I was woken up at 0745 yesterday morning by a very loud banging at the door. Hair askew, eyes crusted shut, I wandered into my entrance lobby to make sure that the noise of fists hitting wood wasn’t coming from the flats either side of mine, but no- someone needed to speak to me, and it was urgent. I wasn’t really entirely compos mentis, so I opened the door without thinking, and was greeted by a heating engineer who’d come to check my boiler.

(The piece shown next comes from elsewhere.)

(* Let $0<d<2$, $t\in[0,1]$ and $\ell\ge0$. Let $\rho^{(0)}_{d,t}$ be the atom at the origin of $\mathbb{R}^2$ and $\rho^{(\ell)}_{d,t}=\mathrm{LL}^{\otimes}_{d,t}(\rho^{(\ell-1)}_{d,t})$. Define $$\vec\mu^{(2\ell)}=\Big(\mu_{\vec T_1^{(2\ell)}}(\sigma_o=1),\ \mu_{\vec T_2^{(2\ell)}}(\sigma_o=1)\Big)\in(0,1)^2.$$ Then $\vec\mu^{(2\ell)}$ has distribution $\psi(\rho^{(\ell)}_{d,t})$, the pushforward of $\rho^{(\ell)}_{d,t}$ under $$\psi(z_1,z_2)=\big((1+\tanh(z_1/2))/2,\ (1+\tanh(z_2/2))/2\big).$$
   Context: **Operator.** For a probability measure $\rho$ on $\mathbb{R}^2$, $\mathrm{LL}^{\otimes}_{d,t}(\rho)$ is defined as follows. Let $\xi_i,\xi'_i,\xi''_i$ ($i\ge1$) have distribution $\rho$, with coordinates $\xi_{i,1},\xi_{i,2}$ and similarly for $\xi'_i,\xi''_i$. Let $D\sim\mathrm{Po}(td)$, $D',D''\sim\mathrm{Po}((1-t)d)$, and let $s_i,s'_i,s''_i,r_i,r'_i,r''_i$ be uniform on $\{\pm1\}$, all independent. Then $\mathrm{LL}^{\otimes}_{d,t}(\rho)$ is the law of the vector with first coordinate $$\sum_{i\le D}s_i\log\tfrac{1+r_i\tanh(\xi_{i,1}/2)}2+\sum_{i\le D'}s'_i\log\tfrac{1+r'_i\tanh(\xi'_{i,1}/2)}2$$ and second coordinate $$\sum_{i\le D}s_i\log\tfrac{1+r_i\tanh(\xi_{i,2}/2)}2+\sum_{i\le D''}s''_i\log\tfrac{1+r''_i\tanh(\xi''_{i,2}/2)}2.$$ **Tree.** The multitype Galton–Watson tree $\vec T^\otimes$ has variable nodes of types shared, 1-distinct and 2-distinct, and clause nodes of types $(s,s')$-shared, $(s,s')$ 1-distinct and $(s,s')$ 2-distinct for $s,s'\in\{\pm1\}$. The root $o$ is a shared variable. Offspring rules (all independent): - A shared variable has, for each $(s,s')$, $\mathrm{Po}(dt/4)$ shared, $\mathrm{Po}(d(1-t)/4)$ 1-distinct and $\mathrm{Po}(d(1-t)/4)$ 2-distinct clause children of type $(s,s')$. - An $h$-distinct variable has, for each $(s,s')$, $\mathrm{Po}(d/4)$ $h$-distinct clause children of type $(s,s')$. - A shared clause has one shared variable child. - An $h$-distinct clause has one $h$-distinct variable child. The tree is read as a 2-CNF: a clause node of type $(s,s')$ contains its parent variable with sign $s$ and its child variable with sign $s'$. $\vec T_h$ is obtained from $\vec T^\otimes$ by deleting all $(3-h)$-distinct nodes. $\vec T_h^{(2\ell)}$ deletes from $\vec T_h$ all nodes at distance more than $2\ell$ from $o$. For a satisfiable 2-CNF $\Psi$, $\mu_\Psi$ denotes the uniform distribution on satisfying assignments $\sigma\in\{\pm1\}^{\text{variables}}$. *)

theory Defs
  imports "HOL-Probability.Probability"
begin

I was wearing this top. There wasn’t any nipple on show, but pretty much everything else was: ‘A lot of landscape’, as I later put it. I bought this top when I was still living in hostels but then couldn’t really wear it, because it’s so revealing that I’d wake up in the morning and my tits would be entirely on show, which was inappropriate. I am definitely an exhibitionist but everyone concerned has to consent to seeing my nipples, really, or the vibe just won’t be right.
I realised what I’d done as soon as I heard the slight note of surprise in the engineer’s voice as he wished me Guten Morgen, and ran to put on a jumper before I let him in, but it was all a little bit Accidental BowChickaBowBow, like the prelude to a bad porno. I am an Exhibitionist, yes- but I am also, sometimes, just a proper spacey dickhead.